The episode opens with an eerie-yet-humorous scene of Ripper Damon (Ian Somerhalder) and Enzo (Michael Malarkey) indulging in a casual killing spree. Their victims have it worse than usual because they literally die two deaths: once to be turned into vampires and then again when Damon sucks them dry and tears their heads clean off. Denzo is clearly the perfect tag team, as a poor local farmer-pharmacist soon comes to learn when Enzo turns him and Damon promptly attacks his neck like it’s made out of delicious little gummy bears. Enzo then gives a touching speech about friendship that’s tinged with a hidden message: Please don’t eat me, buddy.
Back at Casa de Salvatore, Stefan (Paul Wesley) is helping “Elena” (Nina Dobrev) study for her history exam. He looks bored as fudge because he’s been too college more times than he can count, but is glad to lend a hand. Elena aka Katherine (Nina Dobrev) paces back and forth rattling out dates and info about the Han Dynasty and Roman Empire. However, when she questions the textbook over what appears to be an erroneous answer about the “Holy Roman Empire” (“Not really an empire,” she points out) and adds in an extra lesson about the Peace of Westphalia, Stefan stares at her. Katherine panics and thinks the jig is up but she can thank her lucky stars Stefan just assumes Elena is book smart and actually wrote papers once upon a time in high school. (Catching liars is not Stefan’s forte. Sorry but it’s true.)
Thankfully Kitty Kat escapes suspicion when Caroline (Candice Accola) pops up with information about Damon’s whereabouts. She hands Stefan a folder and he opens it and – GASP – his brother is a not-so-smooth criminal! (To be fair, Damon’s is essentially copy cat serial killer, when you take Stefan’s dark days into account — like in that movie with Sigourney Weaver and Holly Hunter in which an agoraphobic psychologist and female detective team up to track down a psychopath mimicking past murders). Stefan understandably freaks out because Damon and Enzo are painting the town redder than Taylor Swift, and, frankly, it’s rude. (Either he’s miffed or secretly envious…we can’t tell.) “I have to find him,” he says. Katherine immediately volunteers as tribute to embark on a 12-hour road trip with Stefan and Caroline’s eyes bug out with ill-concealed jealousy. The two ladies then volley back and forth in the most passive aggressive conversation about study tactics, when really they’re playing a metaphoric tug-of-war with Stefan and his muscles. (No seriously. Have you seen his arms? Those are good arms to have.) Caroline doesn’t have much time to chit-chat though because Tyler (Michael Trevino) gives a call, and despite Stefan’s fatherly look of disapproval, she jets off to see her spurned lover for the first time since the “incident” aka the time he almost made his bid the world adieu.

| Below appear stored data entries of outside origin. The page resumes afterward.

(* Let $\pi$ be a stand-alone statistically secure random oblivious transfer protocol between Alice and Bob based on an authenticated noiseless channel $\mathcal{F}_{\mathsf{AUTH}}$ and the functionality $\mathcal{F}_{P_{V,W|X,Y}}$, and let Bob be honest. Then, given Alice's inputs to and outputs from $\mathcal{F}_{P_{V,W|X,Y}}$ and all the noiseless communication exchanged by Alice and Bob through $\mathcal{F}_{\mathsf{AUTH}}$ during the execution of $\pi$, with overwhelming probability it is possible to extract the output that Bob would obtain both in the case that his choice bit is $c=0$ and in the case that $c=1$.
   Context: The functionality $\mathcal{F}_{P_{V,W|X,Y}}$ (for a conditional distribution $P_{V,W|X,Y}$ on finite alphabets): on inputs $x\in\mathcal{X}$ from Alice and $y\in\mathcal{Y}$ from Bob it samples $(v,w)\sim P_{V,W|X,Y}(\cdot,\cdot|x,y)$ and gives $v$ to Alice and $w$ to Bob. In $\pi$ with security parameter $n$, in round $i$ ($i=1,\dots,n$) the parties input $x_i,y_i$ to $\mathcal{F}_{P_{V,W|X,Y}}$ and receive $v_i,w_i$; they may exchange messages over $\mathcal{F}_{\mathsf{AUTH}}$ at any time. Parties' randomness are random variables $R_A,R_B$ over $\{0,1\}^*$, with protocol actions deterministic functions of the views. Honest Alice outputs $(b_0,b_1)$, honest Bob outputs $(c,d)$. $\delta(P_X,P_Y)=\max_{S}|\sum_{x\in S}P_X(x)-P_Y(x)|$; $I_S(X;Y|Z)=\delta(P_{XYZ},P_ZP_{X|Z}P_{Y|Z})$. Stand-alone statistical security means there is $\epsilon$ negligible in $n$ with: (Correctness) with both honest, $b_0,b_1,c$ uniform and $\Pr[D=B_C]\ge1-\epsilon$; (Security for Alice) if Alice is honest, $b_0,b_1$ uniform and there exists a random variable $C$ with $I_S(B_0,B_1;C)\le\epsilon$ and $I_S(B_0,B_1;\mathsf{output}_{\mathsf{Bob}}|C,B_C)\le\epsilon$; (Security for Bob) if Bob is honest, $c$ uniform and $I_S(C;\mathsf{output}_{\mathsf{Alice}})\le\epsilon$, where $\mathsf{output}$ denotes the output of the possibly malicious party. Extraction procedures may be computationally unbounded. *)

theory Defs
  imports "HOL-Probability.Probability"
begin

definition stat_dist :: "'a pmf \<Rightarrow> 'a pmf \<Rightarrow> real" where
  "stat_dist p q = (SUP S. \<bar>measure_pmf.prob p S - measure_pmf.prob q S\<bar>)"

text \<open>For a joint distribution J of (X,Y,Z): the distribution P_Z P_{X|Z} P_{Y|Z}.\<close>
definition cond_indep_version :: "('a \<times> 'b \<times> 'c) pmf \<Rightarrow> ('a \<times> 'b \<times> 'c) pmf" where
  "cond_indep_version J =
     bind_pmf (map_pmf (\<lambda>t. snd (snd t)) J) (\<lambda>z.
       bind_pmf (map_pmf fst (cond_pmf J {t. snd (snd t) = z})) (\<lambda>x.
         bind_pmf (map_pmf (\<lambda>t. fst (snd t)) (cond_pmf J {t. snd (snd t) = z})) (\<lambda>y.
           return_pmf (x, y, z))))"

definition IS_cond :: "('a \<times> 'b \<times> 'c) pmf \<Rightarrow> real" where
  "IS_cond J = stat_dist J (cond_indep_version J)"

definition IS :: "('a \<times> 'b) pmf \<Rightarrow> real" where
  "IS J = stat_dist J (pair_pmf (map_pmf fst J) (map_pmf snd J))"

definition negligible :: "(nat \<Rightarrow> real) \<Rightarrow> bool" where
  "negligible f \<longleftrightarrow> (\<forall>c::nat. \<exists>N. \<forall>n\<ge>N. \<bar>f n\<bar> < 1 / real n ^ c)"

definition uniform_bit :: "bool pmf \<Rightarrow> bool" where
  "uniform_bit p \<longleftrightarrow> p = bernoulli_pmf (1/2)"

text \<open>Schedule steps: a message from Alice over F_AUTH, a message from Bob over F_AUTH,
  or one invocation of the functionality F_P.\<close>
datatype step = StepA | StepB | StepF

datatype ('x,'y,'v,'w) ev = FromA "bool list" | FromB "bool list" | Call 'x 'y 'v 'w

text \<open>Local view events of one party: messages it sent, messages it received,
  and its own input/output of a call to F_P.\<close>
datatype ('a,'b) lev = Sent "bool list" | Rcvd "bool list" | Fio 'a 'b

fun projA :: "('x,'y,'v,'w) ev \<Rightarrow> ('x,'v) lev" where
  "projA (FromA m) = Sent m"
| "projA (FromB m) = Rcvd m"
| "projA (Call x y v w) = Fio x v"

fun projB :: "('x,'y,'v,'w) ev \<Rightarrow> ('y,'w) lev" where
  "projB (FromA m) = Rcvd m"
| "projB (FromB m) = Sent m"
| "projB (Call x y v w) = Fio y w"

text \<open>A (possibly malicious) party strategy: a distribution of its randomness over {0,1}^*,
  and deterministic functions of (security parameter, randomness, local history) giving
  the next message and the next input to F_P.\<close>
record ('a,'b) strat =
  rnd :: "nat \<Rightarrow> bool list pmf"
  msg :: "nat \<Rightarrow> bool list \<Rightarrow> ('a,'b) lev list \<Rightarrow> bool list"
  inp :: "nat \<Rightarrow> bool list \<Rightarrow> ('a,'b) lev list \<Rightarrow> 'a"

record ('x,'y,'v,'w) protocol =
  sched :: "nat \<Rightarrow> step list"
  alice :: "('x,'v) strat"
  bob :: "('y,'w) strat"
  outA :: "nat \<Rightarrow> bool list \<Rightarrow> ('x,'v) lev list \<Rightarrow> bool \<times> bool"   \<comment> \<open>(b0,b1)\<close>
  outB :: "nat \<Rightarrow> bool list \<Rightarrow> ('y,'w) lev list \<Rightarrow> bool \<times> bool"   \<comment> \<open>(c,d)\<close>

fun run :: "('x \<Rightarrow> 'y \<Rightarrow> ('v \<times> 'w) pmf)
   \<Rightarrow> (('x,'v) lev list \<Rightarrow> bool list) \<Rightarrow> (('x,'v) lev list \<Rightarrow> 'x)
   \<Rightarrow> (('y,'w) lev list \<Rightarrow> bool list) \<Rightarrow> (('y,'w) lev list \<Rightarrow> 'y)
   \<Rightarrow> step list \<Rightarrow> ('x,'y,'v,'w) ev list \<Rightarrow> ('x,'y,'v,'w) ev list pmf" where
  "run P am ai bm bi [] h = return_pmf h"
| "run P am ai bm bi (StepA # s) h = run P am ai bm bi s (h @ [FromA (am (map projA h))])"
| "run P am ai bm bi (StepB # s) h = run P am ai bm bi s (h @ [FromB (bm (map projB h))])"
| "run P am ai bm bi (StepF # s) h =
     bind_pmf (P (ai (map projA h)) (bi (map projB h)))
       (\<lambda>(v,w). run P am ai bm bi s (h @ [Call (ai (map projA h)) (bi (map projB h)) v w]))"

text \<open>Outcome of an execution: (R_A, R_B, full history).\<close>
type_synonym ('x,'y,'v,'w) outcome = "bool list \<times> bool list \<times> ('x,'y,'v,'w) ev list"

definition exec :: "('x \<Rightarrow> 'y \<Rightarrow> ('v \<times> 'w) pmf) \<Rightarrow> (nat \<Rightarrow> step list)
    \<Rightarrow> ('x,'v) strat \<Rightarrow> ('y,'w) strat \<Rightarrow> nat \<Rightarrow> ('x,'y,'v,'w) outcome pmf" where
  "exec P sch A B n =
     bind_pmf (rnd A n) (\<lambda>ra. bind_pmf (rnd B n) (\<lambda>rb.
       map_pmf (\<lambda>h. (ra, rb, h))
         (run P (msg A n ra) (inp A n ra) (msg B n rb) (inp B n rb) (sch n) [])))"

definition viewA :: "('x,'y,'v,'w) outcome \<Rightarrow> bool list \<times> ('x,'v) lev list" where
  "viewA \<omega> = (fst \<omega>, map projA (snd (snd \<omega>)))"

definition viewB :: "('x,'y,'v,'w) outcome \<Rightarrow> bool list \<times> ('y,'w) lev list" where
  "viewB \<omega> = (fst (snd \<omega>), map projB (snd (snd \<omega>)))"

text \<open>Alice's inputs to / outputs from F_P together with the whole F_AUTH transcript
  (everything Alice sees except her own randomness).\<close>
definition alice_data :: "('x,'y,'v,'w) outcome \<Rightarrow> ('x,'v) lev list" where
  "alice_data \<omega> = map projA (snd (snd \<omega>))"

definition honest_B0 :: "('x,'y,'v,'w) protocol \<Rightarrow> nat \<Rightarrow> ('x,'y,'v,'w) outcome \<Rightarrow> bool" where
  "honest_B0 \<pi> n \<omega> = fst (outA \<pi> n (fst (viewA \<omega>)) (snd (viewA \<omega>)))"
definition honest_B1 :: "('x,'y,'v,'w) protocol \<Rightarrow> nat \<Rightarrow> ('x,'y,'v,'w) outcome \<Rightarrow> bool" where
  "honest_B1 \<pi> n \<omega> = snd (outA \<pi> n (fst (viewA \<omega>)) (snd (viewA \<omega>)))"
definition honest_C :: "('x,'y,'v,'w) protocol \<Rightarrow> nat \<Rightarrow> ('x,'y,'v,'w) outcome \<Rightarrow> bool" where
  "honest_C \<pi> n \<omega> = fst (outB \<pi> n (fst (viewB \<omega>)) (snd (viewB \<omega>)))"
definition honest_D :: "('x,'y,'v,'w) protocol \<Rightarrow> nat \<Rightarrow> ('x,'y,'v,'w) outcome \<Rightarrow> bool" where
  "honest_D \<pi> n \<omega> = snd (outB \<pi> n (fst (viewB \<omega>)) (snd (viewB \<omega>)))"

definition well_formed :: "('x,'y,'v,'w) protocol \<Rightarrow> bool" where
  "well_formed \<pi> \<longleftrightarrow> (\<forall>n. length (filter (\<lambda>s. s = StepF) (sched \<pi> n)) = n)"

text \<open>Stand-alone statistical security of random OT. A malicious party's output is taken
  to be its entire view (any other output is a function of it).\<close>
definition secure_ROT :: "('x \<Rightarrow> 'y \<Rightarrow> ('v \<times> 'w) pmf) \<Rightarrow> ('x,'y,'v,'w) protocol
    \<Rightarrow> (nat \<Rightarrow> real) \<Rightarrow> bool" where
  "secure_ROT P \<pi> \<epsilon> \<longleftrightarrow>
    \<comment> \<open>Correctness\<close>
    (\<forall>n. let E = exec P (sched \<pi>) (alice \<pi>) (bob \<pi>) n in
        uniform_bit (map_pmf (honest_B0 \<pi> n) E) \<and> uniform_bit (map_pmf (honest_B1 \<pi> n) E)
      \<and> uniform_bit (map_pmf (honest_C \<pi> n) E)
      \<and> measure_pmf.prob E {\<omega>. honest_D \<pi> n \<omega> =
            (if honest_C \<pi> n \<omega> then honest_B1 \<pi> n \<omega> else honest_B0 \<pi> n \<omega>)} \<ge> 1 - \<epsilon> n)
  \<and> \<comment> \<open>Security for Alice\<close>
    (\<forall>B' n. let E = exec P (sched \<pi>) (alice \<pi>) B' n in
        uniform_bit (map_pmf (honest_B0 \<pi> n) E) \<and> uniform_bit (map_pmf (honest_B1 \<pi> n) E)
      \<and> (\<exists>Q :: (('x,'y,'v,'w) outcome \<times> bool) pmf. map_pmf fst Q = E
          \<and> IS (map_pmf (\<lambda>(\<omega>,c). ((honest_B0 \<pi> n \<omega>, honest_B1 \<pi> n \<omega>), c)) Q) \<le> \<epsilon> n
          \<and> IS_cond (map_pmf (\<lambda>(\<omega>,c). ((honest_B0 \<pi> n \<omega>, honest_B1 \<pi> n \<omega>), viewB \<omega>,
                (c, if c then honest_B1 \<pi> n \<omega> else honest_B0 \<pi> n \<omega>))) Q) \<le> \<epsilon> n))
  \<and> \<comment> \<open>Security for Bob\<close>
    (\<forall>A' n. let E = exec P (sched \<pi>) A' (bob \<pi>) n in
        uniform_bit (map_pmf (honest_C \<pi> n) E)
      \<and> IS (map_pmf (\<lambda>\<omega>. (honest_C \<pi> n \<omega>, viewA \<omega>)) E) \<le> \<epsilon> n)"

end

theory Submission
  imports Defs
begin

text \<open>Fix Bob's choice c and condition on everything Alice sees except her randomness, i.e. on
  her F_P inputs/outputs and the F_AUTH transcript d. The probability of an execution then
  factorises into a term depending only on Alice's randomness (is her strategy consistent with d?)
  and a term depending only on Bob's randomness and the functionality. So, given d, Alice's output
  bit B_c is independent of Bob's output D, and the maximum-a-posteriori guess of D from d alone is
  correct at least as often as B_c. Correctness gives Pr[C = c, D = B_c] \<ge> 1/2 - \<epsilon>, and since
  Pr[C = c] = 1/2 the guess succeeds with conditional probability at least 1 - 2\<epsilon>.\<close>

fun alice_consistent :: "(('x,'v) lev list \<Rightarrow> bool list) \<Rightarrow> (('x,'v) lev list \<Rightarrow> 'x) \<Rightarrow> step list
   \<Rightarrow> ('x,'v) lev list \<Rightarrow> ('x,'v) lev list \<Rightarrow> bool" where
  "alice_consistent am ai [] la r \<longleftrightarrow> r = []"
| "alice_consistent am ai (StepA # s) la (Sent m # r) \<longleftrightarrow>
     m = am la \<and> alice_consistent am ai s (la @ [Sent m]) r"
| "alice_consistent am ai (StepB # s) la (Rcvd m # r) \<longleftrightarrow>
     alice_consistent am ai s (la @ [Rcvd m]) r"
| "alice_consistent am ai (StepF # s) la (Fio x v # r) \<longleftrightarrow>
     x = ai la \<and> alice_consistent am ai s (la @ [Fio x v]) r"
| "alice_consistent am ai (_ # s) la r \<longleftrightarrow> False"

Katherine takes advantage of her down time to jet off and start packing for her sexy getaway with Stefan. Ever the multi-tasker she also gives her daughter Nadia (Olga Fonda) a call to ask her why in the name of Amara’s unruly hair are Goldilocks and the big, bad wolf going to have a pow wow. Nadia casually drops a major bomb on her mom: no big deal but Matt Donovan knows you went half Freaky Friday with Elena, mommy dearest. Katherine’s jaw drops to the floor and she issues a strict order, “Kill him. Now!” (Um, what? SHUT YOUR PIE HOLD, YOU OLD HAG!) “We all love Matt Donovan. Otherwise he’d have been dead ages ago,” Katherine explains. “But when it comes to keeping my new doppelganger body a secret, nobody is that important.” She then tells her she’s going on a road trip with Stefan and Matt better bitten and buried when she gets back. “And what happens when you get too close? Too comfortable? What happens when you slip up? Will you kill your precious Stefan too? (Using Kat’s words against her? Classic Petrova move, girl!) Like any stubborn daughter who thinks her mom is a raging lunatic, Nadia, who wants nothing more than to “canoodle” (yeahy for learning new words!) with the Mystic Grill bus boy, refuses to get rid of Matty Blue-Blue for good, and for that she suddenly went from #2 to #120 on our sh*t list. Even better? Although she semi ruins his appetite with murder talk, Nadia does give Matt a pancake breakfast – a real FREE meal — so we’re bumping her down to #257. (Go, Nadia! You’re soon going to be the least hated vamp in this entire rustic village!)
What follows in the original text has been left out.